ABOUT THIS EXERCISE:
Each record has to be repeated exactly as given.

═════ PROVIDED ENTRIES

(* In the grouped model, for every $I\in\mathcal I$ and every $k=1,\dots,K$, $\hat H_{nk}(I)\to H_{0k}(I)$ and $\tilde H_{nk}(I)\to H_{0k}(I)$ almost surely as $n\to\infty$, where $\hat H_n$ is any maximum likelihood estimator and $\tilde H_n$ any naive estimator.
   Context: Setting (grouped model): $K\ge1$ fixed; $(X,Y)$ random with $X\in\mathbb R$, $Y\in\{1,\dots,K\}$; $F_{0k}(t)=P(X\le t,Y=k)$. $C$ is independent of $(X,Y)$ with distribution $G$; $G(I)=\int_{c\in I}dG(c)$. $\mathcal I$ is a countable set of mutually disjoint intervals with $G(I)>0$ for all $I\in\mathcal I$ (and $G(\bigcup_{I\in\mathcal I}I)=1$); $m(I)\in I$ is a chosen point, distinct for distinct intervals, $\mathcal M=\{m(I):I\in\mathcal I\}$, and $I(m)$ is the interval with $m(I(m))=m$. Observed data: $(D,\Delta)$ with $D=\sum_{I}m(I)1\{C\in I\}$, $\Delta_k=1\{X\le C,Y=k\}$ ($k\le K$), $\Delta_{K+1}=1\{X>C\}$; $n$ i.i.d. copies $(D_i,\Delta^i)$. Define $H_{0k}(I)=G(I)^{-1}\int_{c\in I}F_{0k}(c)dG(c)$, $k=1,\dots,K$. $\mathcal H_K$ is the set of $K$-tuples $H=(H_1,\dots,H_K)$ of functions on $\mathcal I$ that are nonnegative, nondecreasing in the order of $m(I)$, and satisfy $H_+(I)=\sum_{k\le K}H_k(I)\le1$; set $H_{K+1}=1-H_+$. Let $M_k(I)=\frac1n\sum_i\Delta_k^i1\{D_i=m(I)\}$ ($k=1,\dots,K+1$), $M(I)=\sum_{k=1}^{K+1}M_k(I)$. The maximum likelihood estimator $\hat H_n$ is any maximizer over $\mathcal H_K$ of $l_n^{\rm group}(H)=\sum_{I\in\mathcal I}\sum_{k=1}^{K+1}M_k(I)\log H_k(I)$ (convention $0\log0=0$). The naive estimator $\tilde H_n$ has $k$th component any maximizer over $\mathcal H_1$ (the case $K=1$) of $l_{nk}^{\rm group}(H_k)=\sum_{I\in\mathcal I}[M_k(I)\log H_k(I)+\{M(I)-M_k(I)\}\log\{1-H_k(I)\}]$. *)

theory Defs
  imports "HOL-Probability.Probability"
begin

text \<open>Intervals are represented
as sets of reals (II is the collection of intervals), m is the chosen-point map,
risk indices are k = 1..K, and index K+1 is the survival ("no failure") category.\<close>

text \<open>Observed group point: D = sum over I of m(I) 1{C in I}; since the intervals are
disjoint, at most one summand is nonzero.\<close>
definition grp_D :: "real set set \<Rightarrow> (real set \<Rightarrow> real) \<Rightarrow> real \<Rightarrow> real" where
  "grp_D II m c = (if \<exists>I\<in>II. c \<in> I then m (THE I. I \<in> II \<and> c \<in> I) else 0)"

definition grp_Delta :: "nat \<Rightarrow> nat \<Rightarrow> real \<Rightarrow> nat \<Rightarrow> real \<Rightarrow> real" where
  "grp_Delta K k x y c =
     (if k = K + 1 then (if x > c then 1 else 0)
      else (if x \<le> c \<and> y = k then 1 else 0))"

══════════

THE ANSWER:
(* In the grouped model, for every $I\in\mathcal I$ and every $k=1,\dots,K$, $\hat H_{nk}(I)\to H_{0k}(I)$ and $\tilde H_{nk}(I)\to H_{0k}(I)$ almost surely as $n\to\infty$, where $\hat H_n$ is any maximum likelihood estimator and $\tilde H_n$ any naive estimator.
   Context: Setting (grouped model): $K\ge1$ fixed; $(X,Y)$ random with $X\in\mathbb R$, $Y\in\{1,\dots,K\}$; $F_{0k}(t)=P(X\le t,Y=k)$. $C$ is independent of $(X,Y)$ with distribution $G$; $G(I)=\int_{c\in I}dG(c)$. $\mathcal I$ is a countable set of mutually disjoint intervals with $G(I)>0$ for all $I\in\mathcal I$ (and $G(\bigcup_{I\in\mathcal I}I)=1$); $m(I)\in I$ is a chosen point, distinct for distinct intervals, $\mathcal M=\{m(I):I\in\mathcal I\}$, and $I(m)$ is the interval with $m(I(m))=m$. Observed data: $(D,\Delta)$ with $D=\sum_{I}m(I)1\{C\in I\}$, $\Delta_k=1\{X\le C,Y=k\}$ ($k\le K$), $\Delta_{K+1}=1\{X>C\}$; $n$ i.i.d. copies $(D_i,\Delta^i)$. Define $H_{0k}(I)=G(I)^{-1}\int_{c\in I}F_{0k}(c)dG(c)$, $k=1,\dots,K$. $\mathcal H_K$ is the set of $K$-tuples $H=(H_1,\dots,H_K)$ of functions on $\mathcal I$ that are nonnegative, nondecreasing in the order of $m(I)$, and satisfy $H_+(I)=\sum_{k\le K}H_k(I)\le1$; set $H_{K+1}=1-H_+$. Let $M_k(I)=\frac1n\sum_i\Delta_k^i1\{D_i=m(I)\}$ ($k=1,\dots,K+1$), $M(I)=\sum_{k=1}^{K+1}M_k(I)$. The maximum likelihood estimator $\hat H_n$ is any maximizer over $\mathcal H_K$ of $l_n^{\rm group}(H)=\sum_{I\in\mathcal I}\sum_{k=1}^{K+1}M_k(I)\log H_k(I)$ (convention $0\log0=0$). The naive estimator $\tilde H_n$ has $k$th component any maximizer over $\mathcal H_1$ (the case $K=1$) of $l_{nk}^{\rm group}(H_k)=\sum_{I\in\mathcal I}[M_k(I)\log H_k(I)+\{M(I)-M_k(I)\}\log\{1-H_k(I)\}]$. *)

theory Defs
  imports "HOL-Probability.Probability"
begin

text \<open>Intervals are represented
as sets of reals (II is the collection of intervals), m is the chosen-point map,
risk indices are k = 1..K, and index K+1 is the survival ("no failure") category.\<close>

text \<open>Observed group point: D = sum over I of m(I) 1{C in I}; since the intervals are
disjoint, at most one summand is nonzero.\<close>
definition grp_D :: "real set set \<Rightarrow> (real set \<Rightarrow> real) \<Rightarrow> real \<Rightarrow> real" where
  "grp_D II m c = (if \<exists>I\<in>II. c \<in> I then m (THE I. I \<in> II \<and> c \<in> I) else 0)"

definition grp_Delta :: "nat \<Rightarrow> nat \<Rightarrow> real \<Rightarrow> nat \<Rightarrow> real \<Rightarrow> real" where
  "grp_Delta K k x y c =
     (if k = K + 1 then (if x > c then 1 else 0)
      else (if x \<le> c \<and> y = k then 1 else 0))"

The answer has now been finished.